OpenSearch/docs/en/rest-api/ml/datafeedresource.asciidoc

98 lines
3.6 KiB
Plaintext
Raw Normal View History

//lcawley Verified example output 2017-04-11
[[ml-datafeed-resource]]
==== Data Feed Resources
A data feed resource has the following properties:
`aggregations`::
(object) When set the datafeed performs aggregation searches.
For syntax information, see {ref}search-aggregations.html[Aggregations].
Support for aggregations is limited: TBD.
For example:
`{"@timestamp": {"histogram": {"field": "@timestamp",
"interval": 30000,"offset": 0,"order": {"_key": "asc"},"keyed": false,
"min_doc_count": 0}, "aggregations": {"events_per_min": {"sum": {
"field": "events_per_min"}}}}}`.
`chunking_config`::
(object) The chunking configuration, which specifies how data searches
will be chunked. See <<ml-datafeed-chunking-config,chunking configuration objects>>.
For example: {"mode": "manual", "time_span": "3h"}
`datafeed_id`::
(string) A numerical character string that uniquely identifies the data feed.
`frequency`::
(time units) Interval at which scheduled queries should be made while the datafeed
runs in real-time. The default is either the bucket span for short bucket spans, or,
for longer bucket spans, a sensible fraction of the bucket span.
For example: "150s"
`indexes` (required)::
(array) An array of index names. For example: ["it_ops_metrics"]
`job_id` (required)::
(string) The id of the job to which the datafeed will send data.
`query`::
(object) Elasticsearch query DSL. Corresponds to the query object in an Elasticsearch
search POST body. All options supported by Elasticsearch may be used, as this object
is passed verbatim to Elasticsearch. If not specified the default is “match_all”: {}
By default, this property has the following value: `{"match_all": {"boost": 1}}`.
`query_delay`::
(time units) How many seconds behind real-time should data be queried. For example,
if data from 10:04am may not be searchable in Elasticsearch until 10:06am then set this to 120 seconds.
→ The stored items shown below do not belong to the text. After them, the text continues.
text \<open>A complex algebra structure on a ring: a unital ring homomorphism from the
complex numbers into the centre of the ring (scalars act by multiplication by
their image).\<close>
definition complex_alg_emb :: "(complex \<Rightarrow> 'a::ring_1) \<Rightarrow> bool" where
  "complex_alg_emb \<phi> \<longleftrightarrow>
     \<phi> 1 = 1 \<and> (\<forall>x y. \<phi> (x + y) = \<phi> x + \<phi> y) \<and> (\<forall>x y. \<phi> (x * y) = \<phi> x * \<phi> y)
     \<and> (\<forall>z a. \<phi> z * a = a * \<phi> z)"

text \<open>Since u_i^2 = v_i^2 = -1, every generator is a unit with inverse its negative, so
a commutator relation [a,b] = 1 means a*b = b*a and [a,b] = -1 means a*b = -(b*a).\<close>
definition Q_relations :: "nat \<Rightarrow> (nat \<Rightarrow> 'a::ring_1) \<Rightarrow> (nat \<Rightarrow> 'a) \<Rightarrow> bool" where
  "Q_relations n u v \<longleftrightarrow>
     (\<forall>i\<in>{1..<n}. u i * u i = -1 \<and> v i * v i = -1) \<and>
     (\<forall>i\<in>{1..<n}. \<forall>j\<in>{1..<n}.
        (if (i \<le> j + 1 \<and> j \<le> i + 1) then u i * v j = - (v j * u i) else u i * v j = v j * u i)) \<and>
     (\<forall>i\<in>{1..<n}. \<forall>j\<in>{1..<n}. u i * u j = u j * u i \<and> v i * v j = v j * v i)"

definition s_elt :: "(complex \<Rightarrow> 'a::ring_1) \<Rightarrow> complex \<Rightarrow> (nat \<Rightarrow> 'a) \<Rightarrow> (nat \<Rightarrow> 'a) \<Rightarrow> nat \<Rightarrow> 'a" where
  "s_elt \<phi> q u v i = \<phi> (- 1 / (2 * q)) * (1 + u i + v i + u i * v i)"
lemma gdelta_in_HT:
  assumes "countable (carrier G)"
  shows "gdelta_in (Sub_inf_top G) (HT G)"
proof -
  define \<U> where "\<U> = insert (topspace (Sub_inf_top G))
    ((\<lambda>p. tuple_transitive (fst p) (snd p) \<inter> topspace (Sub_inf_top G)) ` tuple_pairs)"
  have "HT G = \<Inter>\<U>"
    unfolding \<U>_def HT_eq_Inter_tuple_transitive by auto
  moreover have "gdelta_in (Sub_inf_top G) (\<Inter>\<U>)"
  proof (rule gdelta_in_Inter)
    show "countable \<U>" "\<U> \<noteq> {}"
      unfolding \<U>_def using countable_tuple_pairs[OF assms] by simp_all
    fix U assume "U \<in> \<U>"
    then have "openin (Sub_inf_top G) U"
      unfolding \<U>_def tuple_pairs_def by (auto intro!: openin_Sub_inf_top_Int openin_tuple_transitive)
    then show "gdelta_in (Sub_inf_top G) U"
      by (rule open_imp_gdelta_in)
  qed
  ultimately show ?thesis
    by simp
qed

definition HT_conditions :: "'a set set set" where
  "HT_conditions = range many_cosets \<union> (\<lambda>p. tuple_transitive (fst p) (snd p)) ` tuple_pairs"

lemma countable_HT_conditions: "countable (carrier G) \<Longrightarrow> countable HT_conditions"
  unfolding HT_conditions_def using countable_tuple_pairs by simp

lemma openin_HT_conditions: "W \<in> HT_conditions \<Longrightarrow> openin (Sub_top G) W"
  unfolding HT_conditions_def tuple_pairs_def by (auto intro: openin_many_cosets openin_tuple_transitive)

lemma cond_star_HT_conditions:
  assumes cs: "cond_star G P" and PS: "P \<subseteq> topspace (Sub_inf_top G)" and W: "W \<in> HT_conditions"
    and IE: "finite_in G I" "finite_in G E" "cylinder G I E \<inter> P \<noteq> {}"
  shows "cylinder G I E \<inter> P \<inter> W \<noteq> {}"
proof -
  from W consider k where "W = many_cosets k"
    | p where "W = tuple_transitive (fst p) (snd p)" "p \<in> tuple_pairs"
    unfolding HT_conditions_def by blast
  then show ?thesis
  proof cases
    case 1
    have "P \<subseteq> many_cosets k"
      using PS infinite_rcosets_iff_many_cosets unfolding topspace_Sub_inf_top by blast
    with 1 IE(3) show ?thesis
      by blast
  next
    case 2
    then show ?thesis
      using cond_star_tuple_transitive[OF cs PS IE] unfolding tuple_pairs_def by blast
  qed
qed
The default is 60 seconds. For example: "60s"
`scroll_size`::
(unsigned integer) The `size` parameter to be used in elasticsearch searches.
The default value is `1000`.
`types` (required)::
(array) List of types to search for within the specified indexes.
For example: ["network","sql","kpi"]
[[ml-datafeed-chunking-config]]
===== Chunking Configuration Objects
A chunking configuration object has the following properties:
`mode` (required)::
There are 3 available modes: +
`auto`::: the chunk size will be dynamically calculated.
`manual`::: chunking will be applied according to the specified `time_span`.
`off`::: no chunking will be applied.
`time_span`::
(time units) The time span that each search will be querying.
This setting is only applicable when the mode is set to `manual`.
For example: "3h"
[float]
[[ml-datafeed-counts]]
==== Data Feed Counts
The get data feed statistics API provides information about the operational
progress of a data feed. For example:
`assigment_explanation`::
TBD. For example: " "
`datafeed_id`::
(string) A numerical character string that uniquely identifies the data feed.
`node`::
(object) TBD
The node that is running the query?
`id`::: TBD. For example, "0-o0tOoRTwKFZifatTWKNw".
`name`::: TBD. For example, "0-o0tOo".
`ephemeral_id`::: TBD. For example, "DOZltLxLS_SzYpW6hQ9hyg".
`transport_address`::: TBD. For example, "127.0.0.1:9300".
`attributes`::: TBD. For example, {"max_running_jobs": "10"}.
`state`::
(string) The status of the data feed, which can be one of the following values: +
`started`::: The data feed is actively receiving data.
`stopped`::: The data feed is stopped and will not receive data until it is re-started.